Les « fraudeurs » utilisent les médias sociaux pour recruter d'autres personnes dans les stratagèmes frauduleux du gouvernement, déclare l'inspecteur général du DOL Anthony D'Esposito dans un sévère avertissement.
EXCLUSIF : La montée d’un nouveau type de fraudeur amène un enquêteur de haut niveau de l’administration Trump à tirer la sonnette d’alarme alors que de nouveaux stratagèmes – quoique effrontés – visant à arnaquer les contribuables américains qui travaillent dur émergent.
L’inspecteur général du ministère du Travail (DOL) met en garde contre une industrie artisanale croissante d’escrocs en ligne, surnommés « fraudeurs », qui se vantent de leur capacité à exploiter les programmes gouvernementaux et à faciliter la fraude au nom d’autrui. En règle générale, les escrocs prennent une part des avantages obtenus frauduleusement.
« Ce n’est pas seulement un crime, c’est une trahison délibérée et publique envers tous les Américains qui travaillent dur et qui respectent les règles », a déclaré l’inspecteur général du DOL, Anthony P. D’Esposito, à Fox News Digital. « La fraude n’est pas une tendance ou un contenu ; c’est un vol de l’argent des contribuables, et elle fera l’objet de poursuites. »
Dans un cas, Britteny Egland, une employée contractuelle du California Employment Development Department (EDD), a ouvertement utilisé ses réseaux sociaux pour inviter d’autres personnes à participer à ses projets.
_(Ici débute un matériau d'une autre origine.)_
lemma orbit_representatives:
  assumes act: "is_action G X \<phi>"
  obtains I where "I \<subseteq> X"
    and "\<And>x. x \<in> X \<Longrightarrow> \<exists>i\<in>I. \<exists>g\<in>carrier G. x = \<phi> g i"
    and "\<And>i j g. \<lbrakk>i \<in> I; j \<in> I; g \<in> carrier G; \<phi> g i = j\<rbrakk> \<Longrightarrow> i = j"
proof
  define orbit where "orbit x = (\<lambda>k. \<phi> k x) ` carrier G" for x
  define r where "r x = (SOME y. y \<in> orbit x)" for x
  have self: "x \<in> orbit x" if "x \<in> X" for x
    using that action_one[OF act] unfolding orbit_def by force
  have r_orbit: "r x \<in> orbit x" and orbit_r: "orbit (r x) = orbit x" if "x \<in> X" for x
  proof -
    show "r x \<in> orbit x" unfolding r_def using self[OF that] by (rule someI)
    then obtain k where "k \<in> carrier G" "r x = \<phi> k x" by (auto simp: orbit_def)
    then show "orbit (r x) = orbit x"
      using action_orbit_eq[OF act _ that] unfolding orbit_def by simp
  qed
  show "r ` X \<subseteq> X"
    using r_orbit action_closed[OF act] by (force simp: orbit_def)
  show "\<exists>i\<in>r ` X. \<exists>g\<in>carrier G. x = \<phi> g i" if "x \<in> X" for x
  proof -
    have "x \<in> orbit (r x)" using self[OF that] orbit_r[OF that] by simp
    with that show ?thesis by (auto simp: orbit_def)
  qed
  show "i = j" if ij: "i \<in> r ` X" "j \<in> r ` X" "g \<in> carrier G" "\<phi> g i = j" for i j g
  proof -
    obtain x y where xy: "x \<in> X" "i = r x" "y \<in> X" "j = r y" using ij by blast
    have "orbit j = orbit i"
      using ij xy r_orbit action_orbit_eq[OF act] \<open>r ` X \<subseteq> X\<close> unfolding orbit_def by blast
    thus "i = j" using xy orbit_r by (simp add: r_def)
  qed
qed
lemma maker_safe_unpaired:
  assumes safe: "maker_safe G M B" and v: "v \<in> free G M B"
    and unpaired: "\<forall>p. mmd G v p \<longrightarrow> p \<notin> free G M B"
  shows "maker_safe G M (insert v B)"
  unfolding maker_safe_def
proof (intro allI impI)
  fix x y assume xy: "mmd G x y"
  have "x \<in> M \<or> y \<in> M \<or> x \<notin> B \<and> y \<notin> B" using safe xy unfolding maker_safe_def by blast
  moreover have "y \<notin> free G M B" if "x = v" using unpaired xy that by blast
  moreover have "x \<notin> free G M B" if "y = v" using unpaired mmd_sym[OF xy] that by blast
  moreover have "x \<in> verts G" "y \<in> verts G" using mmd_D(1,2)[OF xy] by auto
  ultimately show "x \<in> M \<or> y \<in> M \<or> x \<notin> insert v B \<and> y \<notin> insert v B"
    using v unfolding free_def by blast
qed
(* Let $x,y\in\mathbb{R}$ with $x^2+y^2=1$, let $0<\alpha\le1/2$, and let $x_0,y_0\in\mathbb{R}$ satisfy $|x-x_0|\le\alpha$ and $|y-y_0|\le\alpha$. Then $$|\phi(x,y)-\phi(x_0,y_0)|_{2\pi}\le\arcsin(\alpha)+\arcsin\Bigl(\frac{\alpha}{1-\alpha}\Bigr).$$
   Context: For $(u,v)\neq(0,0)$, $\phi(u,v)$ denotes the polar angle of the point $(u,v)$ (i.e. $u=r\cos\phi$, $v=r\sin\phi$ with $r>0$), defined modulo $2\pi$. For angles $a,b$, $|a-b|_{2\pi}=\min\bigl((a-b)\bmod 2\pi,\,(b-a)\bmod 2\pi\bigr)$. *)

theory Defs
  imports "HOL-Analysis.Analysis"
begin

text \<open>Polar angle of (u,v) \<noteq> (0,0), taking the representative in (-pi, pi];
  it is only used modulo 2 pi via circ_dist, so the choice of representative is irrelevant.\<close>
definition polar_angle :: "real \<Rightarrow> real \<Rightarrow> real" where
  "polar_angle u v = Arg (Complex u v)"

definition real_modulo :: "real \<Rightarrow> real \<Rightarrow> real" where
  "real_modulo a m = a - m * of_int \<lfloor>a / m\<rfloor>"

definition circ_dist :: "real \<Rightarrow> real \<Rightarrow> real" where
  "circ_dist a b = min (real_modulo (a - b) (2*pi)) (real_modulo (b - a) (2*pi))"

end

theory Submission
  imports Defs
begin

text \<open>For a unit vector \<open>z\<close> and any \<open>w\<close>, the identity
  \<open>2 \<langle>z, w\<rangle> = 1 + |w|\<^sup>2 - |z - w|\<^sup>2\<close> and AM-GM give \<open>\<langle>z, w\<rangle> \<ge> (1 - |z - w|\<^sup>2) |w|\<close>,
  i.e. the cosine of the angle between \<open>z\<close> and \<open>w\<close> is at least \<open>1 - |z - w|\<^sup>2 \<ge> 1 - 2\<alpha>\<^sup>2\<close>.
  The circular distance of two angles lies in \<open>[0, \<pi>]\<close> and has the same cosine as their
  difference, so it is at most \<open>arccos (1 - 2\<alpha>\<^sup>2) = 2 arcsin \<alpha>\<close>, which is below the
  claimed bound because \<open>\<alpha> \<le> \<alpha> / (1 - \<alpha>)\<close>.\<close>

lemma real_modulo_bounds:
  assumes "0 < m"
  shows "0 \<le> real_modulo a m" "real_modulo a m < m"
  using floor_divide_lower[OF assms, of a] floor_divide_upper[OF assms, of a]
  by (simp_all add: real_modulo_def algebra_simps)

lemma cos_real_modulo_2pi: "cos (real_modulo a (2 * pi)) = cos a"
  by (simp add: real_modulo_def cos_diff)

lemma real_modulo_add_uminus:
  assumes "0 < m"
  shows "real_modulo a m + real_modulo (- a) m \<in> {0, m}"
proof -
  define j where "j = - (\<lfloor>a / m\<rfloor> + \<lfloor>- a / m\<rfloor>)"
  have sum: "real_modulo a m + real_modulo (- a) m = m * of_int j"
    by (simp add: real_modulo_def j_def algebra_simps)
  have "m * 0 \<le> m * of_int j" "m * of_int j < m * 2"
    using real_modulo_bounds[OF assms, of a] real_modulo_bounds[OF assms, of "- a"] sum
    by linarith+
  then have "0 \<le> j" "j < 2"
    using assms
    by (simp_all only: mult_le_cancel_left_pos mult_less_cancel_left_pos
        of_int_0_le_iff of_int_less_numeral_iff)
  then have "j = 0 \<or> j = 1" by linarith
  with sum show ?thesis by auto
qed

lemma circ_dist_nonneg: "0 \<le> circ_dist a b"
  using real_modulo_bounds[of "2 * pi"] by (simp add: circ_dist_def)

lemma circ_dist_le_pi: "circ_dist a b \<le> pi"
proof -
  have "real_modulo (a - b) (2 * pi) + real_modulo (b - a) (2 * pi) \<le> 2 * pi"
    using real_modulo_add_uminus[of "2 * pi" "a - b"] by auto
  then show ?thesis
    unfolding circ_dist_def by linarith
qed

lemma cos_circ_dist: "cos (circ_dist a b) = cos (a - b)"
  using cos_minus[of "a - b"] by (simp add: circ_dist_def min_def cos_real_modulo_2pi)

lemma circ_dist_le_iff_cos:
  assumes "0 \<le> \<beta>" "\<beta> \<le> pi"
  shows "circ_dist a b \<le> \<beta> \<longleftrightarrow> cos \<beta> \<le> cos (a - b)"
  using cos_mono_le_eq[of \<beta> "circ_dist a b"] assms circ_dist_nonneg circ_dist_le_pi
  by (simp add: cos_circ_dist)

lemma inner_ge_of_norm_diff_le:
  fixes z w :: "'a::real_inner"
  assumes "norm z = 1" "(norm (z - w))\<^sup>2 \<le> \<rho>" "\<rho> \<le> 1"
  shows "(1 - \<rho>) * norm w \<le> inner z w"
proof -
  have "(norm (z - w))\<^sup>2 = (norm z)\<^sup>2 - 2 * inner z w + (norm w)\<^sup>2"
    by (simp add: power2_norm_eq_inner inner_diff inner_commute)
  with assms have "(norm w)\<^sup>2 + (1 - \<rho>) \<le> 2 * inner z w"
    by simp
  moreover have "2 * ((1 - \<rho>) * norm w) \<le> (norm w)\<^sup>2 + (1 - \<rho>)"
    \<comment> \<open>AM-GM gives the bound with \<open>sqrt (1 - \<rho>)\<close>; since \<open>1 - \<rho> \<le> 1\<close> it holds with \<open>1 - \<rho>\<close>\<close>
  proof -
    have "0 \<le> \<rho>" using assms(2) zero_le_power2 order_trans by blast
    with assms(3) have "0 \<le> (norm w - (1 - \<rho>))\<^sup>2 + \<rho> * (1 - \<rho>)"
      by simp
    then show ?thesis by (simp add: power2_eq_square algebra_simps)
  qed
  ultimately show ?thesis by linarith
qed

lemma norm_mult_cos_Arg_diff: "cmod z * cmod w * cos (Arg z - Arg w) = inner z w"
proof -
  have "Re z = cmod z * cos (Arg z)" "Im z = cmod z * sin (Arg z)"
       "Re w = cmod w * cos (Arg w)" "Im w = cmod w * sin (Arg w)"
    by (metis Re_rcis Im_rcis rcis_cmod_Arg)+
  then show ?thesis
    by (simp add: inner_complex_def cos_diff algebra_simps)
qed

lemma circ_dist_Arg_le_arccos:
  assumes "cmod z = 1" "(cmod (z - w))\<^sup>2 \<le> \<rho>" "\<rho> < 1"
  shows "circ_dist (Arg z) (Arg w) \<le> arccos (1 - \<rho>)"
proof -
  have "0 \<le> \<rho>" using assms(2) zero_le_power2 order_trans by blast
  have "w \<noteq> 0" using assms by auto
  have "cmod w * (1 - \<rho>) \<le> cmod w * cos (Arg z - Arg w)"
    using inner_ge_of_norm_diff_le[of z w \<rho>] norm_mult_cos_Arg_diff[of z w] assms
    by (simp add: mult.commute)
  with \<open>w \<noteq> 0\<close> have "cos (arccos (1 - \<rho>)) \<le> cos (Arg z - Arg w)"
    using \<open>0 \<le> \<rho>\<close> assms(3) by (simp add: cos_arccos)
  then show ?thesis
    using circ_dist_le_iff_cos arccos_lbound arccos_ubound \<open>0 \<le> \<rho>\<close> assms(3) by simp
qed

lemma cmod_power2_le_of_Re_Im:
  assumes "\<bar>Re u\<bar> \<le> \<alpha>" "\<bar>Im u\<bar> \<le> \<alpha>"
  shows "(cmod u)\<^sup>2 \<le> 2 * \<alpha>\<^sup>2"
proof -
  have "\<bar>Re u\<bar>\<^sup>2 \<le> \<alpha>\<^sup>2" "\<bar>Im u\<bar>\<^sup>2 \<le> \<alpha>\<^sup>2"
    using assms by (simp_all only: power_mono abs_ge_zero)
  then show ?thesis
    by (simp add: cmod_power2)
qed

lemma arccos_1_minus_2_power2:
  assumes "0 \<le> \<alpha>" "\<alpha> \<le> 1"
  shows "arccos (1 - 2 * \<alpha>\<^sup>2) = 2 * arcsin \<alpha>"
proof -
  have "cos (2 * arcsin \<alpha>) = 1 - 2 * \<alpha>\<^sup>2"
    using assms by (simp add: cos_double_sin)
  moreover have "0 \<le> arcsin \<alpha>" "arcsin \<alpha> \<le> pi / 2"
    using assms arcsin_nonneg[of \<alpha>] arcsin_bounded[of \<alpha>] by simp_all
  ultimately show ?thesis
    using arccos_cos[of "2 * arcsin \<alpha>"] by simp
qed

theorem theorem5p1:
  fixes x y x0 y0 \<alpha> :: real
  assumes "x\<^sup>2 + y\<^sup>2 = 1"
    and "0 < \<alpha>" and "\<alpha> \<le> 1/2"
    and "\<bar>x - x0\<bar> \<le> \<alpha>" and "\<bar>y - y0\<bar> \<le> \<alpha>"
  shows "circ_dist (polar_angle x y) (polar_angle x0 y0) \<le> arcsin \<alpha> + arcsin (\<alpha> / (1 - \<alpha>))"
proof -
  define z where "z = Complex x y"
  define w where "w = Complex x0 y0"
  have "cmod z = 1"
    using assms(1) by (simp add: z_def cmod_def)
  moreover have "(cmod (z - w))\<^sup>2 \<le> 2 * \<alpha>\<^sup>2"
    using assms(4,5) by (intro cmod_power2_le_of_Re_Im) (simp_all add: z_def w_def)
  moreover have "2 * \<alpha>\<^sup>2 < 1"
    using assms(2,3) mult_mono[of \<alpha> "1/2" \<alpha> "1/2"] by (simp add: power2_eq_square)
  ultimately have "circ_dist (Arg z) (Arg w) \<le> arccos (1 - 2 * \<alpha>\<^sup>2)"
    by (rule circ_dist_Arg_le_arccos)
  also have "\<dots> = arcsin \<alpha> + arcsin \<alpha>"
    using assms(2,3) by (simp add: arccos_1_minus_2_power2)
  also have "\<dots> \<le> arcsin \<alpha> + arcsin (\<alpha> / (1 - \<alpha>))"
    using assms(2,3) by (intro add_left_mono arcsin_le_arcsin) (simp_all add: field_simps)
  finally show ?thesis
    by (simp add: polar_angle_def z_def w_def)
qed

end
Elle a proposé d’aider ses partisans à profiter de programmes financés par les contribuables pour lesquels ils n’étaient pas qualifiés en utilisant des informations privilégiées et des identités volées pour déposer des demandes frauduleuses d’assurance chômage, de subventions et d’allègement du loyer.
Egland comptait près de 10 000 abonnés sur Instagram et plus de 1 500 abonnés sur X au moment des publications. Ses actions témoignent d’une industrie artisanale croissante d’intrigants en ligne qui sollicitent effrontément les autres pour qu’ils s’associent et commettent des fraudes.
Elle a ensuite volé 2,8 millions de dollars dans les coffres du gouvernement.
« RÉCLAMATIONS NOUVELLES OU RÉGULIÈRES UNIQUEMENT », lit-on dans un message typique du fraudeur, qui a utilisé le pseudo @Britisshh sur X. « SI VOUS AVEZ FAIT UNE PANDÉMIE EDD, CE N’EST PAS POUR VOUS ! MÊME SI VOUS AVEZ UN SOLDE RESTANT, CELA NE FONCTIONNERA PAS. »
« SI VOUS N’AVEZ PAS FAIT EDD PENDANT CETTE PÉRIODE, AUGMENTONS-LA. 10-30K », poursuit le message, avant de lui proposer de « vérifier une réclamation » pour le prix de 150 $.
Egland a incité les utilisateurs à « se joindre à l’équipe gagnante » en fraudant le gouvernement américain, mais a mis en garde les clients potentiels contre lui de lui poser trop de questions parce qu’elle était incapable de répondre à l’afflux de messages.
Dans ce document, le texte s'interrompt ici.